**Exercise:**
A single figure is expected: how many lines of the data that follows contain the word "hadj".

**Data supplied:**
(* Fix $p\in[\tfrac23,1)$. Let $\Phi=\Phi_{\mathsf{Even}}=\sum_{v\in\mathsf{Even}}2^{-N_p(v)}$ and $\mathsf{Window}=\{m\in\mathbb Z_{\ge0}: |m-\mu_p|\le\mu_p^{0.6}\}$. Then, as $d\to\infty$, \[ \frac{\sum_{m\notin\mathsf{Window}}\frac{\Phi^m}{m!}}{\sigma_p\exp(\mu_p)}\xrightarrow{\mathbb P}0 \qquad\text{and}\qquad \frac{\sum_{m\notin\mathsf{Window}}\sum_{S\in\mathsf{Good}^{\mathsf{Even}}_m}2^{-N_p(S)}}{\sigma_p\exp(\mu_p)}\xrightarrow{\mathbb P}0 . \] The same holds with $\mathsf{Even}$ replaced by $\mathsf{Odd}$.
   Context: Setup and notation: - $Q_d=\{0,1\}^d$ is the hypercube graph. - $\mathsf{Even}$ and $\mathsf{Odd}$ are the vertices of even and odd Hamming weight. - $Q_{d,p}$ is obtained by retaining each edge independently with probability $p$. - $N_p(v)$ is the number of neighbors of $v$ in $Q_{d,p}$; for $S$ within one side, $N_p(S)$ is the number of vertices adjacent in $Q_{d,p}$ to some vertex of $S$. - Two same-side vertices are $2$-neighbors if they have a common neighbor in $Q_d$. - $\mathsf{Good}^{\mathsf{Even}}_m$ is the collection of $S\subseteq\mathsf{Even}$ with $|S|=m\le 2^d/d^2$ and no two elements being $2$-neighbors. - $\mu_p=\tfrac12(2-p)^d$ and $\sigma_p^2=\tfrac12(\tfrac{4-3p}{2})^d$. *)

theory Defs
  imports "HOL-Probability.Probability"
begin

text \<open>Vertices of Q_d are the subsets of {..<d} (indicator sets of 0/1 vectors);
  the Hamming weight is the cardinality.\<close>

definition vertices :: "nat \<Rightarrow> nat set set" where
  "vertices d = Pow {..<d}"

definition hadj :: "nat \<Rightarrow> nat set \<Rightarrow> nat set \<Rightarrow> bool" where
  "hadj d u v \<longleftrightarrow> u \<in> vertices d \<and> v \<in> vertices d \<and> card ((u - v) \<union> (v - u)) = 1"

definition edges :: "nat \<Rightarrow> nat set set set" where
  "edges d = {{u, v} | u v. hadj d u v}"

text \<open>Side of the bipartition: True = Even, False = Odd.\<close>
definition side :: "nat \<Rightarrow> bool \<Rightarrow> nat set set" where
  "side d b = {v \<in> vertices d. even (card v) = b}"

definition Qdp :: "nat \<Rightarrow> real \<Rightarrow> (nat set set \<Rightarrow> bool) pmf" where
  "Qdp d p = Pi_pmf (edges d) False (\<lambda>_. bernoulli_pmf p)"

definition Np :: "nat \<Rightarrow> (nat set set \<Rightarrow> bool) \<Rightarrow> nat set \<Rightarrow> nat" where
  "Np d \<omega> v = card {u. {u, v} \<in> edges d \<and> \<omega> {u, v}}"

definition NpS :: "nat \<Rightarrow> (nat set set \<Rightarrow> bool) \<Rightarrow> nat set set \<Rightarrow> nat" where
  "NpS d \<omega> S = card {u. \<exists>v\<in>S. {u, v} \<in> edges d \<and> \<omega> {u, v}}"

definition two_nbrs :: "nat \<Rightarrow> nat set \<Rightarrow> nat set \<Rightarrow> bool" where
  "two_nbrs d u v \<longleftrightarrow> (\<exists>w. hadj d u w \<and> hadj d v w)"

definition Good :: "nat \<Rightarrow> bool \<Rightarrow> nat \<Rightarrow> nat set set set" where
  "Good d b m = {S. S \<subseteq> side d b \<and> card S = m \<and> real m \<le> 2 ^ d / real d ^ 2 \<and>
     (\<forall>u\<in>S. \<forall>v\<in>S. u \<noteq> v \<longrightarrow> \<not> two_nbrs d u v)}"

definition mu :: "real \<Rightarrow> nat \<Rightarrow> real" where
  "mu p d = (1/2) * (2 - p) ^ d"

definition sigma :: "real \<Rightarrow> nat \<Rightarrow> real" where
  "sigma p d = sqrt ((1/2) * ((4 - 3 * p) / 2) ^ d)"

definition Window :: "real \<Rightarrow> nat \<Rightarrow> nat set" where
  "Window p d = {m. \<bar>real m - mu p d\<bar> \<le> mu p d powr 0.6}"

definition Phi :: "nat \<Rightarrow> bool \<Rightarrow> (nat set set \<Rightarrow> bool) \<Rightarrow> real" where
  "Phi d b \<omega> = (\<Sum>v\<in>side d b. 1 / 2 ^ Np d \<omega> v)"

definition X1 :: "real \<Rightarrow> nat \<Rightarrow> bool \<Rightarrow> (nat set set \<Rightarrow> bool) \<Rightarrow> real" where
  "X1 p d b \<omega> = (\<Sum>m. if m \<notin> Window p d then Phi d b \<omega> ^ m / fact m else 0)
                  / (sigma p d * exp (mu p d))"

definition X2 :: "real \<Rightarrow> nat \<Rightarrow> bool \<Rightarrow> (nat set set \<Rightarrow> bool) \<Rightarrow> real" where
  "X2 p d b \<omega> = (\<Sum>m. if m \<notin> Window p d then (\<Sum>S\<in>Good d b m. 1 / 2 ^ NpS d \<omega> S) else 0)
                  / (sigma p d * exp (mu p d))"

end

theory Submission
  imports Defs "HOL-Real_Asymp.Real_Asymp"
begin

text \<open>
  Distinct vertices on one side of the bipartition share no edge, so the weights \<open>2^-N_p(v)\<close>
  are pairwise uncorrelated: \<open>\<Phi>\<close> has mean at most \<open>\<mu>_p\<close> and variance at most
  \<open>((4 - 3p)/2)^d / 2 \<le> 1/2\<close> for \<open>p \<ge> 2/3\<close>. By Chebyshev, \<open>\<Phi> \<le> \<mu>_p + \<mu>_p^0.2/16\<close>
  except with probability \<open>O(\<mu>_p^-0.4)\<close>. On that event, exponential tilting of the series
  \<open>\<Sigma> \<Phi>^m/m!\<close> bounds its part outside the window by \<open>2 exp(\<mu>_p - \<mu>_p^0.2/8)\<close>, which is
  \<open>o(\<sigma>_p exp \<mu>_p)\<close> because \<open>\<mu>_p^0.2\<close> grows exponentially in \<open>d\<close> while \<open>log \<sigma>_p\<close> is linear.
  For \<open>S \<in> Good_m\<close> the neighbourhoods of the vertices of \<open>S\<close> are disjoint, so
  \<open>2^-N_p(S) = \<Prod>_{v\<in>S} 2^-N_p(v)\<close> and the sum over \<open>Good_m\<close> is at most the elementary
  symmetric sum of the weights, hence at most \<open>\<Phi>^m/m!\<close>: the second ratio is dominated by the first.
\<close>

section \<open>Elementary symmetric sums\<close>

lemma sum_card_subsets_insert:
  fixes f :: "'a set \<Rightarrow> 'b::semiring_1"
  assumes "finite V"
  shows "(\<Sum>T | T \<subseteq> V \<and> card T = m. \<Sum>v\<in>V - T. f (insert v T))
       = of_nat (Suc m) * (\<Sum>S | S \<subseteq> V \<and> card S = Suc m. f S)"
proof -
  define K where "K k = {S. S \<subseteq> V \<and> card S = k}" for k
  have fin_K: "finite (K k)" for k
    using assms by (simp add: K_def)
  have fin_S: "finite S" if "S \<in> K k" for S k
    using that assms finite_subset by (auto simp: K_def)
  have "(\<Sum>T\<in>K m. \<Sum>v\<in>V - T. f (insert v T)) = (\<Sum>(T, v)\<in>Sigma (K m) (\<lambda>T. V - T). f (insert v T))"
    using fin_K assms by (intro sum.Sigma) auto
  also have "\<dots> = (\<Sum>(S, v)\<in>Sigma (K (Suc m)) (\<lambda>S. S). f S)"
  proof (rule sum.reindex_bij_witness[where i = "\<lambda>(S, v). (S - {v}, v)" and j = "\<lambda>(T, v). (insert v T, v)"])
    fix Tv
    assume "Tv \<in> Sigma (K m) (\<lambda>T. V - T)"
    then obtain T v where Tv: "Tv = (T, v)" "T \<in> K m" "v \<in> V" "v \<notin> T"
      by blast
    with fin_S have "finite T"
      by blast
    with Tv show "(case (case Tv of (T, v) \<Rightarrow> (insert v T, v)) of (S, v) \<Rightarrow> (S - {v}, v)) = Tv"
      and "(case Tv of (T, v) \<Rightarrow> (insert v T, v)) \<in> Sigma (K (Suc m)) (\<lambda>S. S)"
      by (auto simp: K_def)
  next
    fix Sv
    assume "Sv \<in> Sigma (K (Suc m)) (\<lambda>S. S)"
    then obtain S v where Sv: "Sv = (S, v)" "S \<in> K (Suc m)" "v \<in> S"
      by blast
    with fin_S have "finite S"
      by blast
    with Sv show "(case (case Sv of (S, v) \<Rightarrow> (S - {v}, v)) of (T, v) \<Rightarrow> (insert v T, v)) = Sv"
      and "(case Sv of (S, v) \<Rightarrow> (S - {v}, v)) \<in> Sigma (K m) (\<lambda>T. V - T)"
      by (auto simp: K_def insert_Diff card_Diff_singleton)
  qed clarsimp
  also have "\<dots> = (\<Sum>S\<in>K (Suc m). \<Sum>v\<in>S. f S)"
    using fin_K fin_S by (intro sum.Sigma[symmetric]) auto
  also have "\<dots> = of_nat (Suc m) * (\<Sum>S\<in>K (Suc m). f S)"
    unfolding sum_distrib_left by (rule sum.cong) (auto simp: K_def)
  finally show ?thesis
    unfolding K_def .
qed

**Task output:**
4